**WHAT TO DO**
What follows is a set of entries; retype all of them exactly.

**DATA FOR PROCESSING**
text \<open>A one-parameter subgroup through g; if g = \<plusminus>I any other one will do.\<close>

lemma centralizer_curve:
  assumes "g \<in> SU2"
  obtains z :: "real \<Rightarrow> cmat" where "continuous_on UNIV z" "z 0 = mat 1"
    "\<And>t. z t \<in> SU2" "\<And>t. z t ** g = g ** z t" "\<And>t. sin t \<noteq> 0 \<Longrightarrow> noncentral (z t)"
proof -
  obtain a b c d where g: "g = quat a b c d"
    using assms SU2_iff_quat by blast
  show ?thesis
  proof (cases "b = 0 \<and> c = 0 \<and> d = 0")
    case True
    show ?thesis
      by (rule that[of "\<lambda>t. quat (cos t) (sin t) 0 0"])
         (use True in \<open>auto intro!: continuous_intros quat_in_SU2 simp: mat_1_quat g quat_commute_iff noncentral_quat\<close>)
  next
    case False
    define r where "r = sqrt (b\<^sup>2 + c\<^sup>2 + d\<^sup>2)"
    have "r \<noteq> 0"
      using False unfolding r_def by (auto simp: sum_power2_eq_zero_iff add_nonneg_eq_0_iff)
    have unit: "(cos t)\<^sup>2 + (sin t * b / r)\<^sup>2 + (sin t * c / r)\<^sup>2 + (sin t * d / r)\<^sup>2 = 1" for t
    proof -
      have "(sin t * b / r)\<^sup>2 + (sin t * c / r)\<^sup>2 + (sin t * d / r)\<^sup>2 = (sin t)\<^sup>2 * ((b\<^sup>2 + c\<^sup>2 + d\<^sup>2) / r\<^sup>2)"
        by (simp add: power_divide power_mult_distrib algebra_simps add_divide_distrib)
      also have "\<dots> = (sin t)\<^sup>2"
        using \<open>r \<noteq> 0\<close> unfolding r_def by simp
      finally show ?thesis
        using sin_cos_squared_add2[of t] by linarith
    qed
    show ?thesis
      by (rule that[of "\<lambda>t. quat (cos t) (sin t * b / r) (sin t * c / r) (sin t * d / r)"])
         (use False \<open>r \<noteq> 0\<close> in \<open>auto intro!: continuous_intros quat_in_SU2 unit
           simp: mat_1_quat g quat_commute_iff noncentral_quat\<close>)
  qed
qed

lemma conjugation_curve:
  assumes "h \<in> SU2" "noncentral h"
  obtains k :: "real \<Rightarrow> cmat" where "continuous_on UNIV k" "k 0 = mat 1" "\<And>t. k t \<in> SU2"
    "\<And>t. sin t \<noteq> 0 \<Longrightarrow> cos t \<noteq> 0 \<Longrightarrow>
       (k t ** h ** adj (k t)) ** h \<noteq> h ** (k t ** h ** adj (k t))"
proof -
  obtain a b c d where h: "h = quat a b c d"
    using assms SU2_iff_quat by blast
  consider "c \<noteq> 0 \<or> d \<noteq> 0" | "c = 0" "d = 0" "b \<noteq> 0"
    using assms(2) h noncentral_quat by auto
  then show ?thesis
  proof cases
    case 1
    define k where "k t = quat (cos t) (sin t) 0 0" for t
    have "(k t ** h ** adj (k t)) ** h \<noteq> h ** (k t ** h ** adj (k t))"
      if "sin t \<noteq> 0" "cos t \<noteq> 0" for t
    proof
      assume "(k t ** h ** adj (k t)) ** h = h ** (k t ** h ** adj (k t))"
      then have "2 * cos t * sin t * (c\<^sup>2 + d\<^sup>2) = 0"
        unfolding k_def h adj_quat quat_mult quat_eq_iff by algebra
      then show False
        using that 1 by (simp add: sum_power2_eq_zero_iff)
    qed
    then show ?thesis
      by (intro that[of k]) (auto intro!: continuous_intros quat_in_SU2 simp: k_def mat_1_quat)
  next
    case 2
    define k where "k t = quat (cos t) 0 (sin t) 0" for t
    have "(k t ** h ** adj (k t)) ** h \<noteq> h ** (k t ** h ** adj (k t))"
      if "sin t \<noteq> 0" "cos t \<noteq> 0" for t
    proof
      assume "(k t ** h ** adj (k t)) ** h = h ** (k t ** h ** adj (k t))"
      then have "cos t * sin t * b * b = 0"
        using 2 unfolding k_def h adj_quat quat_mult quat_eq_iff by algebra
      then show False
        using that 2 by simp
    qed
    then show ?thesis
      by (intro that[of k]) (auto intro!: continuous_intros quat_in_SU2 simp: k_def mat_1_quat)
  qed
qed

definition Rep_h1_noncentral :: "quad set" where
  "Rep_h1_noncentral = {(g1, h1, g2, h2). (g1, h1, g2, h2) \<in> Rep \<and> noncentral h1}"

definition Rep_h_noncentral :: "quad set" where
  "Rep_h_noncentral = {(g1, h1, g2, h2). (g1, h1, g2, h2) \<in> Rep \<and> noncentral h1 \<and> noncentral h2}"

definition Rep_h_noncommuting :: "quad set" where
  "Rep_h_noncommuting = {(g1, h1, g2, h2). (g1, h1, g2, h2) \<in> Rep \<and> h1 ** h2 \<noteq> h2 ** h1}"

lemma Rep_subset_closure_Rep_h1_noncentral: "Rep \<subseteq> closure Rep_h1_noncentral"
proof
  fix x assume "x \<in> Rep"
  then obtain g1 h1 g2 h2 where x: "x = (g1, h1, g2, h2)" and R: "(g1, h1, g2, h2) \<in> Rep"
    by (cases x) auto
  then have g1: "g1 \<in> SU2" and h1: "h1 \<in> SU2"
    by (auto simp: Rep_iff)
  show "x \<in> closure Rep_h1_noncentral"
  proof (cases "noncentral h1")
    case True
    then have "x \<in> Rep_h1_noncentral"
      using R unfolding x Rep_h1_noncentral_def by simp
    then show ?thesis
      by (rule closure_subset[THEN subsetD])
  next
    case False
    obtain z :: "real \<Rightarrow> cmat" where z: "continuous_on UNIV z" "z 0 = mat 1" "\<And>t. z t \<in> SU2"
      "\<And>t. z t ** g1 = g1 ** z t" "\<And>t. sin t \<noteq> 0 \<Longrightarrow> noncentral (z t)"
      by (fact centralizer_curve[OF g1])
    have "(\<lambda>t. (g1, h1 ** z t, g2, h2)) 0 \<in> closure Rep_h1_noncentral"
    proof (rule in_closure_if_curve)
      show "continuous_on UNIV (\<lambda>t. (g1, h1 ** z t, g2, h2))"
        by (intro continuous_intros z(1))
      fix t :: real assume "0 < t" "t < pi"
      then have "sin t \<noteq> 0"
        using sin_gt_zero by force
      then have "noncentral (h1 ** z t)"
        by (rule noncentral_mult_central_left[OF h1 False z(3) z(5)])
      then show "(g1, h1 ** z t, g2, h2) \<in> Rep_h1_noncentral"
        using Rep_mult_h1_centralizer[OF R z(3,4)] unfolding Rep_h1_noncentral_def by simp
    qed simp
    then show ?thesis
      using z(2) x by simp
  qed
qed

**REPLY TO THE TASK**
text \<open>A one-parameter subgroup through g; if g = \<plusminus>I any other one will do.\<close>

lemma centralizer_curve:
  assumes "g \<in> SU2"
  obtains z :: "real \<Rightarrow> cmat" where "continuous_on UNIV z" "z 0 = mat 1"
    "\<And>t. z t \<in> SU2" "\<And>t. z t ** g = g ** z t" "\<And>t. sin t \<noteq> 0 \<Longrightarrow> noncentral (z t)"
proof -
  obtain a b c d where g: "g = quat a b c d"
    using assms SU2_iff_quat by blast
  show ?thesis
  proof (cases "b = 0 \<and> c = 0 \<and> d = 0")
    case True
    show ?thesis
      by (rule that[of "\<lambda>t. quat (cos t) (sin t) 0 0"])
         (use True in \<open>auto intro!: continuous_intros quat_in_SU2 simp: mat_1_quat g quat_commute_iff noncentral_quat\<close>)
  next
    case False
    define r where "r = sqrt (b\<^sup>2 + c\<^sup>2 + d\<^sup>2)"
    have "r \<noteq> 0"
      using False unfolding r_def by (auto simp: sum_power2_eq_zero_iff add_nonneg_eq_0_iff)
    have unit: "(cos t)\<^sup>2 + (sin t * b / r)\<^sup>2 + (sin t * c / r)\<^sup>2 + (sin t * d / r)\<^sup>2 = 1" for t
    proof -
      have "(sin t * b / r)\<^sup>2 + (sin t * c / r)\<^sup>2 + (sin t * d / r)\<^sup>2 = (sin t)\<^sup>2 * ((b\<^sup>2 + c\<^sup>2 + d\<^sup>2) / r\<^sup>2)"
        by (simp add: power_divide power_mult_distrib algebra_simps add_divide_distrib)
      also have "\<dots> = (sin t)\<^sup>2"
        using \<open>r \<noteq> 0\<close> unfolding r_def by simp
      finally show ?thesis
        using sin_cos_squared_add2[of t] by linarith
    qed
    show ?thesis
      by (rule that[of "\<lambda>t. quat (cos t) (sin t * b / r) (sin t * c / r) (sin t * d / r)"])
         (use False \<open>r \<noteq> 0\<close> in \<open>auto intro!: continuous_intros quat_in_SU2 unit
           simp: mat_1_quat g quat_commute_iff noncentral_quat\<close>)
  qed
qed

lemma conjugation_curve:
  assumes "h \<in> SU2" "noncentral h"
  obtains k :: "real \<Rightarrow> cmat" where "continuous_on UNIV k" "k 0 = mat 1" "\<And>t. k t \<in> SU2"
    "\<And>t. sin t \<noteq> 0 \<Longrightarrow> cos t \<noteq> 0 \<Longrightarrow>
       (k t ** h ** adj (k t)) ** h \<noteq> h ** (k t ** h ** adj (k t))"
proof -
  obtain a b c d where h: "h = quat a b c d"
    using assms SU2_iff_quat by blast
  consider "c \<noteq> 0 \<or> d \<noteq> 0" | "c = 0" "d = 0" "b \<noteq> 0"
    using assms(2) h noncentral_quat by auto
  then show ?thesis
  proof cases
    case 1
    define k where "k t = quat (cos t) (sin t) 0 0" for t
    have "(k t ** h ** adj (k t)) ** h \<noteq> h ** (k t ** h ** adj (k t))"
      if "sin t \<noteq> 0" "cos t \<noteq> 0" for t
    proof
      assume "(k t ** h ** adj (k t)) ** h = h ** (k t ** h ** adj (k t))"
      then have "2 * cos t * sin t * (c\<^sup>2 + d\<^sup>2) = 0"
        unfolding k_def h adj_quat quat_mult quat_eq_iff by algebra
      then show False
        using that 1 by (simp add: sum_power2_eq_zero_iff)
    qed
    then show ?thesis
      by (intro that[of k]) (auto intro!: continuous_intros quat_in_SU2 simp: k_def mat_1_quat)
  next
    case 2
    define k where "k t = quat (cos t) 0 (sin t) 0" for t
    have "(k t ** h ** adj (k t)) ** h \<noteq> h ** (k t ** h ** adj (k t))"
      if "sin t \<noteq> 0" "cos t \<noteq> 0" for t
    proof
      assume "(k t ** h ** adj (k t)) ** h = h ** (k t ** h ** adj (k t))"
      then have "cos t * sin t * b * b = 0"
        using 2 unfolding k_def h adj_quat quat_mult quat_eq_iff by algebra
      then show False
        using that 2 by simp
    qed
    then show ?thesis
      by (intro that[of k]) (auto intro!: continuous_intros quat_in_SU2 simp: k_def mat_1_quat)
  qed
qed

definition Rep_h1_noncentral :: "quad set" where
  "Rep_h1_noncentral = {(g1, h1, g2, h2). (g1, h1, g2, h2) \<in> Rep \<and> noncentral h1}"

definition Rep_h_noncentral :: "quad set" where
  "Rep_h_noncentral = {(g1, h1, g2, h2). (g1, h1, g2, h2) \<in> Rep \<and> noncentral h1 \<and> noncentral h2}"

definition Rep_h_noncommuting :: "quad set" where
  "Rep_h_noncommuting = {(g1, h1, g2, h2). (g1, h1, g2, h2) \<in> Rep \<and> h1 ** h2 \<noteq> h2 ** h1}"

lemma Rep_subset_closure_Rep_h1_noncentral: "Rep \<subseteq> closure Rep_h1_noncentral"
proof
  fix x assume "x \<in> Rep"
  then obtain g1 h1 g2 h2 where x: "x = (g1, h1, g2, h2)" and R: "(g1, h1, g2, h2) \<in> Rep"
    by (cases x) auto
  then have g1: "g1 \<in> SU2" and h1: "h1 \<in> SU2"
    by (auto simp: Rep_iff)
  show "x \<in> closure Rep_h1_noncentral"
  proof (cases "noncentral h1")
    case True
    then have "x \<in> Rep_h1_noncentral"
      using R unfolding x Rep_h1_noncentral_def by simp
    then show ?thesis
      by (rule closure_subset[THEN subsetD])
  next
    case False
    obtain z :: "real \<Rightarrow> cmat" where z: "continuous_on UNIV z" "z 0 = mat 1" "\<And>t. z t \<in> SU2"
      "\<And>t. z t ** g1 = g1 ** z t" "\<And>t. sin t \<noteq> 0 \<Longrightarrow> noncentral (z t)"
      by (fact centralizer_curve[OF g1])
    have "(\<lambda>t. (g1, h1 ** z t, g2, h2)) 0 \<in> closure Rep_h1_noncentral"
    proof (rule in_closure_if_curve)
      show "continuous_on UNIV (\<lambda>t. (g1, h1 ** z t, g2, h2))"
        by (intro continuous_intros z(1))
      fix t :: real assume "0 < t" "t < pi"
      then have "sin t \<noteq> 0"
        using sin_gt_zero by force
      then have "noncentral (h1 ** z t)"
        by (rule noncentral_mult_central_left[OF h1 False z(3) z(5)])
      then show "(g1, h1 ** z t, g2, h2) \<in> Rep_h1_noncentral"
        using Rep_mult_h1_centralizer[OF R z(3,4)] unfolding Rep_h1_noncentral_def by simp
    qed simp
    then show ?thesis
      using z(2) x by simp
  qed
qed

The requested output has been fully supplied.